→ Brief: Write out again only the lines that run from the start of the entries to the line containing "using sA sB", both included.

(Source records)
lemma qsic_if_index_seq_equiv:
  fixes A B :: "real mat"
  assumes sA: "sym4 A" and sB: "sym4 B" and equiv: "index_seq_equiv_211 A B s0 eps s1"
  shows "(even s0 \<longrightarrow> qsic_real_intersecting_lines_double A B) \<and> (odd s0 \<longrightarrow> qsic_conj_lines_double A B)"
proof -
  have A: "A \<in> carrier_mat 4 4" and B: "B \<in> carrier_mat 4 4"
    using sA sB unfolding sym4_def by simp_all
  obtain A' B' P a b c d where P: "P \<in> carrier_mat 4 4" "invertible_mat P" and det: "a * d - b * c \<noteq> 0"
    and A': "A' = transpose_mat P * (a \<cdot>\<^sub>m A + b \<cdot>\<^sub>m B) * P"
    and B': "B' = transpose_mat P * (c \<cdot>\<^sub>m A + d \<cdot>\<^sub>m B) * P"
    and index: "index_seq_211 A' B' s0 eps s1"
    using equiv unfolding index_seq_equiv_211_def pencil_equiv_def by blast
  obtain l where canon: "canon_sign_211 A' B' l eps" and Id_below: "\<forall>x<l. Id A' B' x = s0"
    using index unfolding index_seq_211_def by blast
  then obtain Q e2 e3 where Q: "Q \<in> carrier_mat 4 4" "invertible_mat Q" and eps: "eps \<in> {-1, 1}"
    and signs: "e2 \<in> {-1, 1}" "e3 \<in> {-1, 1}"
    and QA: "transpose_mat Q * A' * Q = canon_A eps e2 e3" and QB: "transpose_mat Q * B' * Q = canon_B eps l e2 e3"
    unfolding canon_sign_211_iff by blast
  have Id: "Id A' B' (l - 1) = s0"
    using Id_below by simp
  have congr_carrier: "transpose_mat P * M * P \<in> carrier_mat 4 4" if "M \<in> carrier_mat 4 4" for M
    using that P(1) by (metis mult_carrier_mat transpose_carrier_mat)
  have "A' \<in> carrier_mat 4 4" "B' \<in> carrier_mat 4 4"
    unfolding A' B' using A B by (simp_all add: congr_carrier)
  then have "even s0 \<longleftrightarrow> e2 * e3 = -1"
    using even_Id_if_congruent_canon[OF _ _ Q(1) QA QB eps signs, of "l - 1"] Id by simp
  moreover have "invertible_mat (P * Q)"
    using P Q by (simp add: invertible_mat_iff_det_nonzero[of _ 4] det_mult[of _ 4])
  moreover have "transpose_mat (P * Q) * (a \<cdot>\<^sub>m A + b \<cdot>\<^sub>m B) * (P * Q) = canon_A eps e2 e3"
    "transpose_mat (P * Q) * (c \<cdot>\<^sub>m A + d \<cdot>\<^sub>m B) * (P * Q) = canon_B eps l e2 e3"
    using A B P Q unfolding QA[symmetric] QB[symmetric] A' B' by (simp_all add: congruence_mult[of _ 4])
  ultimately show ?thesis
    using qsic_congruent_canon[OF A B _ _ det _ _ eps signs, of "P * Q"] P Q signs by auto
qed

theorem theorem21:
  fixes A B :: "real mat"
  assumes "sym4 A" and "sym4 B"
    and "pencil_poly A B \<noteq> 0"
    and "\<exists>lam0. order lam0 (pencil_poly A B) = 4 \<and> segre_211 A B lam0"
  shows "(index_seq_equiv_211 A B 2 (-1) 2 \<or> index_seq_equiv_211 A B 1 (-1) 3)
    \<and> (index_seq_equiv_211 A B 2 (-1) 2 \<longrightarrow> qsic_real_intersecting_lines_double A B)
    \<and> (index_seq_equiv_211 A B 1 (-1) 3 \<longrightarrow> qsic_conj_lines_double A B)"
proof -
  obtain lam0 where "segre_211 A B lam0"
    using assms(4) by blast
  then obtain e where e: "e \<in> {-1, 1}" and equiv: "pencil_equiv A B (canon_A (-1) 1 e) (canon_B (-1) 0 1 e)"
    using segre_211_pencil_equiv_canon[OF assms(1,2)] by blast
  have "index_seq_211 (canon_A (-1) 1 e) (canon_B (-1) 0 1 e)
      (1 + of_bool (1 < (0::real)) + of_bool (e < 0)) (-1) (1 + of_bool (1 > (0::real)) + of_bool (e > 0))"
    using e by (intro index_seq_211_canon) auto
  moreover have "(1 + of_bool (1 < (0::real)) + of_bool (e < 0) :: nat) = (if e = 1 then 1 else 2)"
    "(1 + of_bool (1 > (0::real)) + of_bool (e > 0) :: nat) = (if e = 1 then 3 else 2)"
    using e by auto
  ultimately have "index_seq_211 (canon_A (-1) 1 e) (canon_B (-1) 0 1 e)
      (if e = 1 then 1 else 2) (-1) (if e = 1 then 3 else 2)"
    by (simp only:)
  then have "index_seq_equiv_211 A B 2 (-1) 2 \<or> index_seq_equiv_211 A B 1 (-1) 3"
    using equiv unfolding index_seq_equiv_211_def by (cases "e = 1") auto
  then show ?thesis
    using qsic_if_index_seq_equiv[OF assms(1,2)] by fastforce
qed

→ Output of the exercise:
lemma qsic_if_index_seq_equiv:
  fixes A B :: "real mat"
  assumes sA: "sym4 A" and sB: "sym4 B" and equiv: "index_seq_equiv_211 A B s0 eps s1"
  shows "(even s0 \<longrightarrow> qsic_real_intersecting_lines_double A B) \<and> (odd s0 \<longrightarrow> qsic_conj_lines_double A B)"
proof -
  have A: "A \<in> carrier_mat 4 4" and B: "B \<in> carrier_mat 4 4"
    using sA sB unfolding sym4_def by simp_all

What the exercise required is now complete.